As can be seen from Figure 16, the voltage of $v_{S1}$ and $v_{S3}$ is 0–13.5 V, which meets the output requirements of the IR2110S and meets the opening and closing voltage requirements of the primary side MOS tube; the voltage of $v_{S6}$ is −5–+15 V, which meets the output requirements of KD301L, and also meets the opening and closing voltage requirements of the secondary side MOS tube.

In the experiment, a series combination of a DC power supply and a resistor is used to simulate photovoltaic cell access P2. P1 is connected to a 12.5 V battery and P2 is connected to a 22 V voltage source to simulate the PV panel. The output port P3 is connected to the load which is represented by a 160 ohm resistor. The duty cycle $D_p$ of the LVS is set to 0.6, and the controlled output voltage is set to 100 V. The experimental results of the steady-state are shown in Figure 15.

From the steady-state experimental results shown in Figure 15a, the HVS output voltage $V_{Hdc}$ of 100 V has been successfully controlled. From the waveforms of voltage $V_{AB}$ and voltage $V_{CD}$, it can be seen that the high-level center of $V_{AB}$ is ahead of the high−level midpoint of $V_{CD}$, that is, the phase of the primary side is ahead of the secondary side, the primary side of the transformer transmits power to the secondary side, and the system is in the power forward transmission state.

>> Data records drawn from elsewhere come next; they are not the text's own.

lemma crossing_product_cycle3_shift_iff_multiple:
  assumes "6 \<le> n" "n < m" "1 \<le> x" "x + 2 * d + 4 \<le> m"
  shows "crossing_product n m (cycle3 (x + 2 * d)) \<longleftrightarrow> crossing_product n m (cycle3 x)"
  using assms(4)
proof (induction d)
  case (Suc d)
  have "crossing_product n m (cycle3 (x + 2 * d + 2)) \<longleftrightarrow> crossing_product n m (cycle3 (x + 2 * d))"
    by (rule crossing_product_cycle3_shift_iff) (use assms Suc.prems in auto)
  also have "\<dots> \<longleftrightarrow> crossing_product n m (cycle3 x)"
    using Suc by simp
  finally show ?case by (simp add: add.assoc)
qed simp

lemma even_add_obtain_double_diff:
  fixes x y :: nat
  assumes "even (x + y)" "x \<le> y"
  obtains d where "y = x + 2 * d"
proof -
  have "even (y - x)"
    using assms by (simp add: add.commute)
  then obtain d where "y - x = 2 * d" ..
  with assms(2) have "y = x + 2 * d" by simp
  then show thesis by (rule that)
qed

lemma crossing_product_cycle3:
  assumes "6 \<le> n" "2 * n + 2 \<le> m" "1 \<le> x" "x + 4 \<le> m"
  shows "crossing_product n m (cycle3 x)"
proof -
  define j :: nat where "j = (if even (x + n) then 2 else 1)"
  define c where "c = j + n - 2"
  have "crossing_product n m (crossing_word n [j+n+1, j+n, j, j+1, j+n, j+n+1, j+1, j])"
    by (rule crossing_product_word) (use assms in \<open>auto simp: j_def\<close>)
  then have base: "crossing_product n m (cycle3 c)"
    using crossing_word_commutator_eq_cycle3[of n j] assms(1) by (simp add: c_def)
  have "even (x + c)" "1 \<le> c" "c + 4 \<le> m"
    using assms by (auto simp: c_def j_def)
  show ?thesis
  proof (cases "x \<le> c")
    case True
    with \<open>even (x + c)\<close> obtain d where "c = x + 2 * d"
      by (rule even_add_obtain_double_diff)
    then show ?thesis
      using crossing_product_cycle3_shift_iff_multiple[of n m x d] base assms \<open>c + 4 \<le> m\<close> by simp
  next
    case False
    then have "c \<le> x" by simp
    with \<open>even (x + c)\<close> obtain d where "x = c + 2 * d"
      by (metis add.commute even_add_obtain_double_diff)
    then show ?thesis
      using crossing_product_cycle3_shift_iff_multiple[of n m c d] base assms \<open>1 \<le> c\<close> by simp
  qed
qed
text \<open>
  By Krull's lemma it suffices to show that every prime ideal \<open>P\<close> of \<open>S\<close> containing all \<open>F j\<close>
  contains all \<open>s i\<close>: then each \<open>s i\<close> has a power \<open>s i ^ D = \<Sum>j. B i j * F j\<close>, and since \<open>F j\<close> is
  homogeneous of degree \<open>d\<close>, taking homogeneous parts of degree \<open>D\<close> replaces \<open>B i j\<close> by its part of
  degree \<open>D - d\<close>.

  Modulo \<open>P\<close> (a domain in which \<open>1, ..., d\<close> are invertible), a root of multiplicity \<open>m\<close> of \<open>f'\<close> at
  which \<open>f\<close> vanishes is a root of multiplicity \<open>m + 1\<close> of \<open>f\<close>. Collecting the roots gives
  \<open>f \<equiv> f' q\<close>; comparing degrees, \<open>q \<equiv> (x - c)/d\<close>, and counting multiplicities once more shows
  that every \<open>s j\<close> is a root of \<open>q\<close>, i.e. \<open>s j \<equiv> c\<close>. Hence \<open>f \<equiv> (x - c)^d/d\<close>, and \<open>f(0) = 0\<close>
  forces \<open>c \<equiv> 0\<close>.
\<close>

section \<open>Polynomials modulo a prime ideal of a subring\<close>

locale subring =
  fixes S :: "'a::idom set"
  assumes zero_closed: "0 \<in> S" and one_closed: "1 \<in> S"
    and add_closed: "a \<in> S \<Longrightarrow> b \<in> S \<Longrightarrow> a + b \<in> S"
    and mult_closed: "a \<in> S \<Longrightarrow> b \<in> S \<Longrightarrow> a * b \<in> S"
    and uminus_closed: "a \<in> S \<Longrightarrow> - a \<in> S"
begin

lemma diff_closed: "a \<in> S \<Longrightarrow> b \<in> S \<Longrightarrow> a - b \<in> S"
  using add_closed[of a "- b"] uminus_closed[of b] by simp

lemma sum_closed: "(\<And>i. i \<in> A \<Longrightarrow> f i \<in> S) \<Longrightarrow> sum f A \<in> S"
  by (induction A rule: infinite_finite_induct) (auto simp: zero_closed add_closed)

lemma prod_closed: "(\<And>i. i \<in> A \<Longrightarrow> f i \<in> S) \<Longrightarrow> prod f A \<in> S"
  by (induction A rule: infinite_finite_induct) (auto simp: one_closed mult_closed)

lemma power_closed: "a \<in> S \<Longrightarrow> a ^ n \<in> S"
  by (induction n) (auto simp: one_closed mult_closed)

lemma of_nat_closed: "of_nat n \<in> S"
  by (induction n) (auto simp: zero_closed one_closed add_closed)

definition poly_over :: "'a poly \<Rightarrow> bool" where
  "poly_over p \<longleftrightarrow> (\<forall>i. coeff p i \<in> S)"

lemma poly_over_coeff: "poly_over p \<Longrightarrow> coeff p i \<in> S"
  by (simp add: poly_over_def)

lemma poly_over_0 [simp]: "poly_over 0"
  by (simp add: poly_over_def zero_closed)

lemma poly_over_1 [simp]: "poly_over 1"
  by (simp add: poly_over_def coeff_1 zero_closed one_closed)

lemma poly_over_pCons: "a \<in> S \<Longrightarrow> poly_over p \<Longrightarrow> poly_over (pCons a p)"
  by (auto simp: poly_over_def coeff_pCons split: nat.splits)

lemma poly_over_const: "a \<in> S \<Longrightarrow> poly_over [:a:]"
  by (simp add: poly_over_pCons)

lemma poly_over_linear: "a \<in> S \<Longrightarrow> b \<in> S \<Longrightarrow> poly_over [:a, b:]"
  by (simp add: poly_over_pCons poly_over_const)

lemma poly_over_monic_linear: "r \<in> S \<Longrightarrow> poly_over [:-r, 1:]"
  by (simp add: poly_over_linear uminus_closed one_closed)

lemma poly_over_add: "poly_over p \<Longrightarrow> poly_over q \<Longrightarrow> poly_over (p + q)"
  by (simp add: poly_over_def add_closed)

lemma poly_over_diff: "poly_over p \<Longrightarrow> poly_over q \<Longrightarrow> poly_over (p - q)"
  by (simp add: poly_over_def diff_closed)

lemma poly_over_mult: "poly_over p \<Longrightarrow> poly_over q \<Longrightarrow> poly_over (p * q)"
  unfolding poly_over_def coeff_mult by (auto intro!: sum_closed mult_closed)

lemma poly_over_smult: "a \<in> S \<Longrightarrow> poly_over p \<Longrightarrow> poly_over (smult a p)"
  by (simp add: poly_over_def mult_closed)

lemma poly_over_monom: "a \<in> S \<Longrightarrow> poly_over (monom a n)"
  by (simp add: poly_over_def coeff_monom zero_closed)

lemma poly_over_power: "poly_over p \<Longrightarrow> poly_over (p ^ n)"
  by (induction n) (auto intro: poly_over_mult)

lemma poly_over_prod: "(\<And>i. i \<in> A \<Longrightarrow> poly_over (f i)) \<Longrightarrow> poly_over (prod f A)"
  by (induction A rule: infinite_finite_induct) (auto intro: poly_over_mult)

lemma poly_over_sum: "(\<And>i. i \<in> A \<Longrightarrow> poly_over (f i)) \<Longrightarrow> poly_over (sum f A)"
  by (induction A rule: infinite_finite_induct) (auto intro: poly_over_add)

lemma poly_over_pderiv: "poly_over p \<Longrightarrow> poly_over (pderiv p)"
  unfolding poly_over_def coeff_pderiv by (metis mult_closed of_nat_closed)

lemma poly_closed: "poly_over p \<Longrightarrow> x \<in> S \<Longrightarrow> poly p x \<in> S"
  by (induction p) (auto simp: poly_over_def add_closed mult_closed coeff_pCons split: nat.splits)

lemma poly_over_synthetic_div: "poly_over p \<Longrightarrow> c \<in> S \<Longrightarrow> poly_over (synthetic_div p c)"
proof (induction p)
  case (pCons a p)
  have "poly_over p"
    using pCons.prems by (auto simp: poly_over_def coeff_pCons split: nat.splits)
  then show ?case using pCons by (auto intro!: poly_over_pCons poly_closed)
qed simp

end

locale prime_ideal = subring S for S :: "'a::idom set" +
  fixes P :: "'a set"
  assumes P_subset: "p \<in> P \<Longrightarrow> p \<in> S" and P_zero: "0 \<in> P"
    and P_add: "p \<in> P \<Longrightarrow> q \<in> P \<Longrightarrow> p + q \<in> P"
    and P_mult: "a \<in> S \<Longrightarrow> p \<in> P \<Longrightarrow> a * p \<in> P"
    and one_notin_P: "1 \<notin> P"
    and P_prime: "a \<in> S \<Longrightarrow> b \<in> S \<Longrightarrow> a * b \<in> P \<Longrightarrow> a \<in> P \<or> b \<in> P"
begin

lemma P_uminus_iff: "- p \<in> P \<longleftrightarrow> p \<in> P"
  using P_mult[of "- 1" p] P_mult[of "- 1" "- p"] uminus_closed[OF one_closed] P_subset
  by force
lemma crossings_share_vertex:
  assumes c1: "crossing t a1 b1" and c2: "crossing t a2 b2"
  shows "a1 = a2 \<or> b1 = b2"
proof (rule ccontr)
  assume distinct: "\<not> ?thesis"
  note D = crossingD[OF c1] crossingD[OF c2]
  have "0 < t"
    using D xlevel_pos[of a1] by linarith
  moreover have "Suc t \<le> num_levels"
    using D ylevel_le[of b1] by linarith
  ultimately obtain z w where z: "z \<in> X" "xlevel z = Suc t" and w: "w \<in> Y" "ylevel w = t"
    using xlevel_surj[of "Suc t"] ylevel_surj[of t] by (metis Suc_leD zero_less_Suc)
  have "{z, w} \<notin> E"
    using z w by (intro level_non_edge) auto
  show False
  proof (rule F5_excluded[of z a1 a2 b1 b2 w])
    show "distinct [z, a1, a2]" "distinct [b1, b2, w]"
      using z w D distinct by auto
  qed (use z w D \<open>{z, w} \<notin> E\<close> in \<open>auto intro!: level_edge\<close>)
qed

text \<open>The invariant of the upward sweep at level \<open>t\<close>: all crossings at \<open>t\<close>, i.e. negative
  edges spanning the levels \<open>t\<close> and \<open>t + 1\<close>, share their end \<open>y\<close>, which lies on level
  \<open>t + 1\<close>; and if \<open>xy\<close> is the only crossing, some \<open>p \<noteq> x\<close> on a level between those of \<open>x\<close>
  and \<open>t\<close> has two negative edges to its own level. With a negative cherry on level
  \<open>t + 1\<close> this completes a copy of \<open>F6\<close>.\<close>

definition sweep_invariant :: "nat \<Rightarrow> bool" where
  "sweep_invariant t \<longleftrightarrow>
     (\<exists>y. \<forall>a b. crossing t a b \<longrightarrow> b = y \<and> ylevel y = Suc t) \<and>
     (\<forall>x y. (\<forall>a b. crossing t a b \<longleftrightarrow> a = x \<and> b = y) \<longrightarrow>
        (\<exists>p q q'. neg_edge p q \<and> neg_edge p q' \<and> q \<noteq> q' \<and> p \<noteq> x \<and>
           xlevel x \<le> xlevel p \<and> xlevel p \<le> t \<and> ylevel q = xlevel p \<and> ylevel q' = xlevel p))"

lemma sweep_invariant_0: "sweep_invariant 0"
proof -
  have "\<not> crossing 0 a b" for a b
    using crossingD[of 0 a b] xlevel_pos[of a] by linarith
  then show ?thesis
    unfolding sweep_invariant_def by blast
qed

lemma crossing_below_column:
  assumes "sweep_invariant s" "crossing s a b" "crossing s a' b'"
  shows "b' = b" "ylevel b = Suc s"
  using assms unfolding sweep_invariant_def by metis+

lemma crossing_above_xlevel:
  assumes inv: "sweep_invariant s" and above: "crossing (Suc s) a b"
  shows "xlevel a = Suc s"
proof (rule ccontr)
  assume "xlevel a \<noteq> Suc s"
  then have "crossing s a b"
    using above unfolding crossing_def by auto
  then show False
    using crossing_below_column[OF inv, of a b a b] above unfolding crossing_def by auto
qed

lemma spanning_neg_edge_cases:
  assumes "neg_edge a b" "xlevel a \<le> Suc s" "Suc s \<le> ylevel b"
  shows "crossing s a b \<or> crossing (Suc s) a b \<or> xlevel a = Suc s \<and> ylevel b = Suc s"
  using assms unfolding crossing_def by auto

lemma uncovered_level_avoids:
  assumes "\<not> level_covered i" "x \<in> X" "y \<in> Y" "xlevel x = i" "ylevel y = i"
  obtains a b where "neg_edge a b" "xlevel a \<le> i" "i \<le> ylevel b" "a \<noteq> x" "b \<noteq> y"
  using assms unfolding level_covered_def by blast

lemma sweep_invariant_shared_column:
  assumes r: "crossing u r c" and r': "crossing u r' c" and "r \<noteq> r'"
  shows "sweep_invariant (ylevel c - 1)"
proof -
  define t where "t = ylevel c - 1"
  have c: "ylevel c = Suc t"
    using crossingD(6)[OF r] unfolding t_def by simp
  have "crossing t r c" "crossing t r' c"
    using r r' c unfolding crossing_def by auto
  then have "b = c" if "crossing t a b" for a b
    using crossings_share_vertex[OF that] \<open>r \<noteq> r'\<close> by metis
  then show ?thesis
    using c \<open>crossing t r c\<close> \<open>crossing t r' c\<close> \<open>r \<noteq> r'\<close>
    unfolding sweep_invariant_def t_def[symmetric] by metis
qed

lemma covered_crossings_both_sides:
  assumes inv: "sweep_invariant s" and below: "crossing s r y0"
    and above: "crossing (Suc s) x0 c" and one_row: "\<And>a b. crossing (Suc s) a b \<Longrightarrow> a = x0"
  shows "level_covered (Suc s)"
  unfolding level_covered_def
proof (intro bexI conjI allI impI)
  note D = crossingD[OF below] crossingD[OF above]
  show y0: "ylevel y0 = Suc s" and x0: "xlevel x0 = Suc s"
    using crossing_below_column[OF inv below below] crossing_above_xlevel[OF inv above] by auto
  fix a b assume ab: "neg_edge a b" "xlevel a \<le> Suc s" "Suc s \<le> ylevel b"
  show "a = x0 \<or> b = y0"
  proof (rule ccontr)
    assume "\<not> (a = x0 \<or> b = y0)"
    moreover have "\<not> crossing s a b" "\<not> crossing (Suc s) a b"
      using crossing_below_column[OF inv below] one_row calculation by blast+
    ultimately show False
      using spanning_neg_edge_cases[OF ab] F4_excluded[of r x0 a y0 c b] D x0 y0 neg_edgeD[OF ab(1)]
      by (force intro: level_edge)
  qed
qed (use crossingD[OF below] crossingD[OF above] in auto)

The battery current shown in Figure 15b is positive at about 3 A, thus, the battery is working under discharging mode. The experimental results are in line with the theoretical analysis and simulation, and the control system effectiveness has been successfully verified.

6. Conclusions

In the research of Step-Up MPC, photovoltaic cells and batteries are used as input energy sources, and a Step-Up MPC power generation system topology that can simultaneously connect low-voltage photovoltaic cells, batteries, and loads (independent loads or grids) is proposed to realize energy exchange between photovoltaics, batteries, and the grid. The detailed process of this topology generation is given. According to the power flow between the ports, their working principles are explained in detail, and their working process is analyzed, calculated, and modeled in combination with the working waveform of the circuit. On this basis, a hybrid modulation control scheme of duty cycle modulation and phase shift modulation is proposed, and the working states and mode switching are simulated and verified in the PSIM simulation environment. Finally, a Step-Up MPC device is designed and manufactured, and the effectiveness of the PWM + PSM modulation and control scheme under dual-input power generation conditions is verified through experiments.

Compared with existing technology, the beneficial effect of the Step-Up MPC circuit topology proposed in this paper is that this it can be used as a buck-boost circuit by using S1 and S2 with the input inductance, and at the same time, S1, S2, S3, and S4 cooperate to act as a buck-boost circuit to the inverter function, thus saving a group of MOS tubes and saving costs. By adjusting the duty cycle of the primary side inverter, the maximum power tracking of photovoltaics can be realized, and the normal operation of the inverter circuit can be ensured. Furthermore, by sampling the output voltage of the secondary side, the phase shift angle of the primary-side inverter and the secondary side rectifier is adjusted to realize output voltage regulation and power flow control, which can be used in multi-input low-voltage photovoltaic power generation systems.